* **Working data**:
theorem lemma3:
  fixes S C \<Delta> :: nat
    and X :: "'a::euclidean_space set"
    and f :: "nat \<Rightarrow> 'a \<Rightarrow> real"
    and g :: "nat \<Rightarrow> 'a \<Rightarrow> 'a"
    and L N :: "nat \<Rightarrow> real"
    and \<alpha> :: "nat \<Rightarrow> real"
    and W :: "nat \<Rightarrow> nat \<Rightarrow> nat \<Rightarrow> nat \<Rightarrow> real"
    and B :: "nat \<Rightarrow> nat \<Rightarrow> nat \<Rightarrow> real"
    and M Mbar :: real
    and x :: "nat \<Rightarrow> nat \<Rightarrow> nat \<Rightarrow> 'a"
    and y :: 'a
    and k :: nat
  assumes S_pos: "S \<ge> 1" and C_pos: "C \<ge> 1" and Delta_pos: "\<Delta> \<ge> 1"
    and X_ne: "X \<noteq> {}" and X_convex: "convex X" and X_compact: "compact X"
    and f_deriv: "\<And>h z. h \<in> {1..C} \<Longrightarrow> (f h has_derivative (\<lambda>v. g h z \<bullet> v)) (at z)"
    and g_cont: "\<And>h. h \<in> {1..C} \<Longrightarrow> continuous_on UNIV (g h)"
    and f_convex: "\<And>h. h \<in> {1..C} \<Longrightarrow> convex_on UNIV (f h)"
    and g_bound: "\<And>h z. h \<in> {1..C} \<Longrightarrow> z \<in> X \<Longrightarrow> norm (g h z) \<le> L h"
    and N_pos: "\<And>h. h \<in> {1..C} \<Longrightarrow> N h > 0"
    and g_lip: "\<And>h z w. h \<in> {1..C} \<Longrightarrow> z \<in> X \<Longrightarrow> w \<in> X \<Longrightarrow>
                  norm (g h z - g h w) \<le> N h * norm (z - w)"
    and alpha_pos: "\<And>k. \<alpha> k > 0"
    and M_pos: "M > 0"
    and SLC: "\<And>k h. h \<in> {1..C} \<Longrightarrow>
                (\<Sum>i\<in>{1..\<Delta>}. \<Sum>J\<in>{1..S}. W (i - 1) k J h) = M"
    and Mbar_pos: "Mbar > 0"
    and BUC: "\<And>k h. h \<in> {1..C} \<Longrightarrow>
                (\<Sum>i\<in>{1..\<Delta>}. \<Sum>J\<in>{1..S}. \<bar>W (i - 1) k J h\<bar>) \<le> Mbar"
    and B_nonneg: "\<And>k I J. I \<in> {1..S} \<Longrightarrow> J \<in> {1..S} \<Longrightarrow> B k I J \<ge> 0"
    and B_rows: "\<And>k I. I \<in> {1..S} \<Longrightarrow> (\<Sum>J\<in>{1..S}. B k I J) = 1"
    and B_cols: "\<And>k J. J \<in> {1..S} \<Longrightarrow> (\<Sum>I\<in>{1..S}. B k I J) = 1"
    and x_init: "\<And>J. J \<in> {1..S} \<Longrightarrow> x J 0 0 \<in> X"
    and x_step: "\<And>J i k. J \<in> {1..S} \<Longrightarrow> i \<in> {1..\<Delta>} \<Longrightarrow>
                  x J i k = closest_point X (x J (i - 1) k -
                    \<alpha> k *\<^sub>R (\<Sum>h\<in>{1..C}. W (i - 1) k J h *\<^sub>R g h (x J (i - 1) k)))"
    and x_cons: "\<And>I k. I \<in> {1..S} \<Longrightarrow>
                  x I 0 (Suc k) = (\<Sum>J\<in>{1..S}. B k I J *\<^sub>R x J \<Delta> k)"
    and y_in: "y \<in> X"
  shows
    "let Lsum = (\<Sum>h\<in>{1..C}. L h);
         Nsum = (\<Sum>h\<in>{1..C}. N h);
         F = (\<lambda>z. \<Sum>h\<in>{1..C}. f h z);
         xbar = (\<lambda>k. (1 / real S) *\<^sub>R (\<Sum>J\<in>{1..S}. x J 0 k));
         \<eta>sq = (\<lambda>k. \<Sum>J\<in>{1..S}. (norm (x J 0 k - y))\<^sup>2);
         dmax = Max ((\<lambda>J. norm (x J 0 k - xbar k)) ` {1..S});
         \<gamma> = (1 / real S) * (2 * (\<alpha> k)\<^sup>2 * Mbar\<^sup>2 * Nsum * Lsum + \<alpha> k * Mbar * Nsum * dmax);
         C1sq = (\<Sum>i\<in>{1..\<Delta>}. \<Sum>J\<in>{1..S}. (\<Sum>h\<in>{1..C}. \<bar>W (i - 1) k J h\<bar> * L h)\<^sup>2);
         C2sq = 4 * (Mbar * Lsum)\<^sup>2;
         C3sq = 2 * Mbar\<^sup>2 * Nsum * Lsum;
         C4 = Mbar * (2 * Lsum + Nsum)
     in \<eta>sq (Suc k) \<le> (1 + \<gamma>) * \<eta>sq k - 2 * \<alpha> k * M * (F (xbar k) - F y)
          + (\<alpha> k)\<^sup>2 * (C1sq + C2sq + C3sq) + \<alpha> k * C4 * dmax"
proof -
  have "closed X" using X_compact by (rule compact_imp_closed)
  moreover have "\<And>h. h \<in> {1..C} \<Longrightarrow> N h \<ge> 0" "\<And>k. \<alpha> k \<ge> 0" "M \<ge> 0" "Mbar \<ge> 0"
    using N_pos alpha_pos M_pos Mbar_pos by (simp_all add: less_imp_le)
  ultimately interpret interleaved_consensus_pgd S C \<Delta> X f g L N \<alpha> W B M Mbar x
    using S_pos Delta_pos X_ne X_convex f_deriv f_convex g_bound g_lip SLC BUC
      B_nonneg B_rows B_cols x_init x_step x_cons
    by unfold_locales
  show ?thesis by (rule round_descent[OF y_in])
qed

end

* **Instructions to follow**: Extract, word for word, each line of the listing above.

* **Final answer**:
theorem lemma3:
  fixes S C \<Delta> :: nat
    and X :: "'a::euclidean_space set"
    and f :: "nat \<Rightarrow> 'a \<Rightarrow> real"
    and g :: "nat \<Rightarrow> 'a \<Rightarrow> 'a"
    and L N :: "nat \<Rightarrow> real"
    and \<alpha> :: "nat \<Rightarrow> real"
    and W :: "nat \<Rightarrow> nat \<Rightarrow> nat \<Rightarrow> nat \<Rightarrow> real"
    and B :: "nat \<Rightarrow> nat \<Rightarrow> nat \<Rightarrow> real"
    and M Mbar :: real
    and x :: "nat \<Rightarrow> nat \<Rightarrow> nat \<Rightarrow> 'a"
    and y :: 'a
    and k :: nat
  assumes S_pos: "S \<ge> 1" and C_pos: "C \<ge> 1" and Delta_pos: "\<Delta> \<ge> 1"
    and X_ne: "X \<noteq> {}" and X_convex: "convex X" and X_compact: "compact X"
    and f_deriv: "\<And>h z. h \<in> {1..C} \<Longrightarrow> (f h has_derivative (\<lambda>v. g h z \<bullet> v)) (at z)"
    and g_cont: "\<And>h. h \<in> {1..C} \<Longrightarrow> continuous_on UNIV (g h)"
    and f_convex: "\<And>h. h \<in> {1..C} \<Longrightarrow> convex_on UNIV (f h)"
    and g_bound: "\<And>h z. h \<in> {1..C} \<Longrightarrow> z \<in> X \<Longrightarrow> norm (g h z) \<le> L h"
    and N_pos: "\<And>h. h \<in> {1..C} \<Longrightarrow> N h > 0"
    and g_lip: "\<And>h z w. h \<in> {1..C} \<Longrightarrow> z \<in> X \<Longrightarrow> w \<in> X \<Longrightarrow>
                  norm (g h z - g h w) \<le> N h * norm (z - w)"
    and alpha_pos: "\<And>k. \<alpha> k > 0"
    and M_pos: "M > 0"
    and SLC: "\<And>k h. h \<in> {1..C} \<Longrightarrow>
                (\<Sum>i\<in>{1..\<Delta>}. \<Sum>J\<in>{1..S}. W (i - 1) k J h) = M"
    and Mbar_pos: "Mbar > 0"
    and BUC: "\<And>k h. h \<in> {1..C} \<Longrightarrow>
                (\<Sum>i\<in>{1..\<Delta>}. \<Sum>J\<in>{1..S}. \<bar>W (i - 1) k J h\<bar>) \<le> Mbar"
    and B_nonneg: "\<And>k I J. I \<in> {1..S} \<Longrightarrow> J \<in> {1..S} \<Longrightarrow> B k I J \<ge> 0"
    and B_rows: "\<And>k I. I \<in> {1..S} \<Longrightarrow> (\<Sum>J\<in>{1..S}. B k I J) = 1"
    and B_cols: "\<And>k J. J \<in> {1..S} \<Longrightarrow> (\<Sum>I\<in>{1..S}. B k I J) = 1"
    and x_init: "\<And>J. J \<in> {1..S} \<Longrightarrow> x J 0 0 \<in> X"
    and x_step: "\<And>J i k. J \<in> {1..S} \<Longrightarrow> i \<in> {1..\<Delta>} \<Longrightarrow>
                  x J i k = closest_point X (x J (i - 1) k -
                    \<alpha> k *\<^sub>R (\<Sum>h\<in>{1..C}. W (i - 1) k J h *\<^sub>R g h (x J (i - 1) k)))"
    and x_cons: "\<And>I k. I \<in> {1..S} \<Longrightarrow>
                  x I 0 (Suc k) = (\<Sum>J\<in>{1..S}. B k I J *\<^sub>R x J \<Delta> k)"
    and y_in: "y \<in> X"
  shows
    "let Lsum = (\<Sum>h\<in>{1..C}. L h);
         Nsum = (\<Sum>h\<in>{1..C}. N h);
         F = (\<lambda>z. \<Sum>h\<in>{1..C}. f h z);
         xbar = (\<lambda>k. (1 / real S) *\<^sub>R (\<Sum>J\<in>{1..S}. x J 0 k));
         \<eta>sq = (\<lambda>k. \<Sum>J\<in>{1..S}. (norm (x J 0 k - y))\<^sup>2);
         dmax = Max ((\<lambda>J. norm (x J 0 k - xbar k)) ` {1..S});
         \<gamma> = (1 / real S) * (2 * (\<alpha> k)\<^sup>2 * Mbar\<^sup>2 * Nsum * Lsum + \<alpha> k * Mbar * Nsum * dmax);
         C1sq = (\<Sum>i\<in>{1..\<Delta>}. \<Sum>J\<in>{1..S}. (\<Sum>h\<in>{1..C}. \<bar>W (i - 1) k J h\<bar> * L h)\<^sup>2);
         C2sq = 4 * (Mbar * Lsum)\<^sup>2;
         C3sq = 2 * Mbar\<^sup>2 * Nsum * Lsum;
         C4 = Mbar * (2 * Lsum + Nsum)
     in \<eta>sq (Suc k) \<le> (1 + \<gamma>) * \<eta>sq k - 2 * \<alpha> k * M * (F (xbar k) - F y)
          + (\<alpha> k)\<^sup>2 * (C1sq + C2sq + C3sq) + \<alpha> k * C4 * dmax"
proof -
  have "closed X" using X_compact by (rule compact_imp_closed)
  moreover have "\<And>h. h \<in> {1..C} \<Longrightarrow> N h \<ge> 0" "\<And>k. \<alpha> k \<ge> 0" "M \<ge> 0" "Mbar \<ge> 0"
    using N_pos alpha_pos M_pos Mbar_pos by (simp_all add: less_imp_le)
  ultimately interpret interleaved_consensus_pgd S C \<Delta> X f g L N \<alpha> W B M Mbar x
    using S_pos Delta_pos X_ne X_convex f_deriv f_convex g_bound g_lip SLC BUC
      B_nonneg B_rows B_cols x_init x_step x_cons
    by unfold_locales
  show ?thesis by (rule round_descent[OF y_in])
qed

end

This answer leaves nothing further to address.